(A) Effects of adaptive batch size. Training loss, test accuracy and batch size from top to bottom against accessed examples for the Street View House Numbers dataset. Green, blue and grey are constant batch sizes, red uses an alternative batch size adaptation criterion, orange, corresponds to the coupled adaptive batch size (CAPS) introduced in [ ]. (B) Top and middle are validation and test loss for validation based stopping (red) and evidence based criterion [ ]. Criterion is shown in bottom. The blue bar is the proposed stopping point.

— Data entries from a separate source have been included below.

lemma hahnH_eq_diff_ops:
  "hahnH N \<alpha> \<beta> = (\<lambda>f x. diff_op (E1 N \<alpha> \<beta>) (\<lambda>x. x + 4) f x + diff_op (E2 N \<alpha> \<beta>) (\<lambda>x. x - 4) f x
     + diff_op (G1 N \<alpha> \<beta>) (\<lambda>x. - x - 2) f x + diff_op (G2 N \<alpha> \<beta>) (\<lambda>x. - x + 2) f x)"
  by (simp add: fun_eq_iff hahnH_def diff_op_def)

lemma quintic_form_hahnH: "quintic_form times_x (hahnH N \<alpha> \<beta>) f x = 0"
  unfolding hahnH_eq_diff_ops quintic_form_times_x_add quintic_form_diff_op
  by (simp add: quintic_def)

lemma hahnH_diff: "hahnH N \<alpha> \<beta> (\<lambda>y. f y - g y) x = hahnH N \<alpha> \<beta> f x - hahnH N \<alpha> \<beta> g x"
  by (simp add: hahnH_def algebra_simps)

lemma hahnH_lincomb:
  "hahnH N \<alpha> \<beta> (\<lambda>y. \<Sum>i\<in>S. c i * f i y) x = (\<Sum>i\<in>S. c i * hahnH N \<alpha> \<beta> (f i) x)"
  by (simp add: hahnH_def algebra_simps sum.distrib sum_subtractf sum_distrib_left)

lemma hahnH_times_denominator:
  assumes "x \<notin> {1, -1, 3, -3}"
  shows "hahnH N \<alpha> \<beta> f x * (4 * (x + 1) * (x - 1) * (x + 3) * (x - 3)) =
    (x + 3 - \<alpha> + \<beta>) * (x + 3 - (\<alpha> + \<beta>)) * (x - 1 - 2 * real N + (\<alpha> + \<beta>)) * (x - 1) * (x - 3) * (f (x + 4) - f x)
  - (x - 1 + (\<alpha> + \<beta>)) * (x - 1 + \<alpha> - \<beta>) * (x - 1 + 2 * real N - (\<alpha> + \<beta>)) * (x + 1) * (x + 3) * (f (x - 4) - f x)
  + 4 * (\<alpha>\<^sup>2 - \<beta>\<^sup>2) * (x + (\<alpha> + \<beta>) - 2 * real N - 1) * (x - 3) * (f (- x - 2) - f x)
  + 4 * (2 * real N + 2 - (\<alpha> + \<beta>)) * ((x + \<alpha> - 1)\<^sup>2 - \<beta>\<^sup>2) * (x + 3) * (f (- x + 2) - f x)"
proof -
  let ?D = "4 * (x + 1) * (x - 1) * (x + 3) * (x - 3)"
  have sq: "x\<^sup>2 - 1 = (x + 1) * (x - 1)"
    by algebra
  have nz: "4 * (x + 1) * (x + 3) \<noteq> 0" "4 * (x - 1) * (x - 3) \<noteq> 0"
    "(x\<^sup>2 - 1) * (x + 3) \<noteq> 0" "(x\<^sup>2 - 1) * (x - 3) \<noteq> 0"
    using assms unfolding sq by auto
  have scale: "A / B * D = A * C" if "B \<noteq> 0" "D = B * C" for A B C D :: real
    using that by simp
  have "E1 N \<alpha> \<beta> x * ?D = (x + 3 - \<alpha> + \<beta>) * (x + 3 - (\<alpha> + \<beta>)) * (x - 1 - 2 * real N + (\<alpha> + \<beta>)) * ((x - 1) * (x - 3))"
    unfolding E1_def by (rule scale[OF nz(1)]) algebra
  moreover have "E2 N \<alpha> \<beta> x * ?D = - ((x - 1 + (\<alpha> + \<beta>)) * (x - 1 + \<alpha> - \<beta>) * (x - 1 + 2 * real N - (\<alpha> + \<beta>))) * ((x + 1) * (x + 3))"
    unfolding E2_def minus_divide_left by (rule scale[OF nz(2)]) algebra
  moreover have "G1 N \<alpha> \<beta> x * ?D = (\<alpha>\<^sup>2 - \<beta>\<^sup>2) * (x + (\<alpha> + \<beta>) - 2 * real N - 1) * (4 * (x - 3))"
    unfolding G1_def by (rule scale[OF nz(3)]) (unfold sq, algebra)
  moreover have "G2 N \<alpha> \<beta> x * ?D = (2 * real N + 2 - (\<alpha> + \<beta>)) * ((x + \<alpha> - 1)\<^sup>2 - \<beta>\<^sup>2) * (4 * (x + 3))"
    unfolding G2_def by (rule scale[OF nz(4)]) (unfold sq, algebra)
  moreover have "hahnH N \<alpha> \<beta> f x * ?D = E1 N \<alpha> \<beta> x * ?D * (f (x + 4) - f x) + E2 N \<alpha> \<beta> x * ?D * (f (x - 4) - f x)
     + G1 N \<alpha> \<beta> x * ?D * (f (- x - 2) - f x) + G2 N \<alpha> \<beta> x * ?D * (f (- x + 2) - f x)"
    unfolding hahnH_def by algebra
  ultimately show ?thesis
    by algebra
qed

Machine Learning is an important tool for Computer Vision. After the success of Deep Neural Networks(DNN)s in image classification tasks, many other tasks were solved using DNNs. However, working with deep learning, researchers are confronted with many problems related to implementation, hyper-parameter selection, training time, training data and computation time that seek to be solved.
Writing code for a deep learning project is often very time consuming.. Even though, Caffe has many disadvantages in comparison to other frameworks, many works are still written using Caffe. For example it's missing a full Python interface and relies heavily on configuration files. To address these issues we developed Barrista [ ], a wrapper for Caffe, that offers full pythonic control over Caffe.
Another difficulty that researchers working on deep learning have to face is the large amount of training data needed. This problem becomes even more serious, because a validation and test set is needed to avoid over-fitting. In new work, we show an alternative to a validation set for early stopping. The criterion depends on fast-to-compute local statistics of the gradients. By these means it is possible to decrease the problem of small training sets [ ].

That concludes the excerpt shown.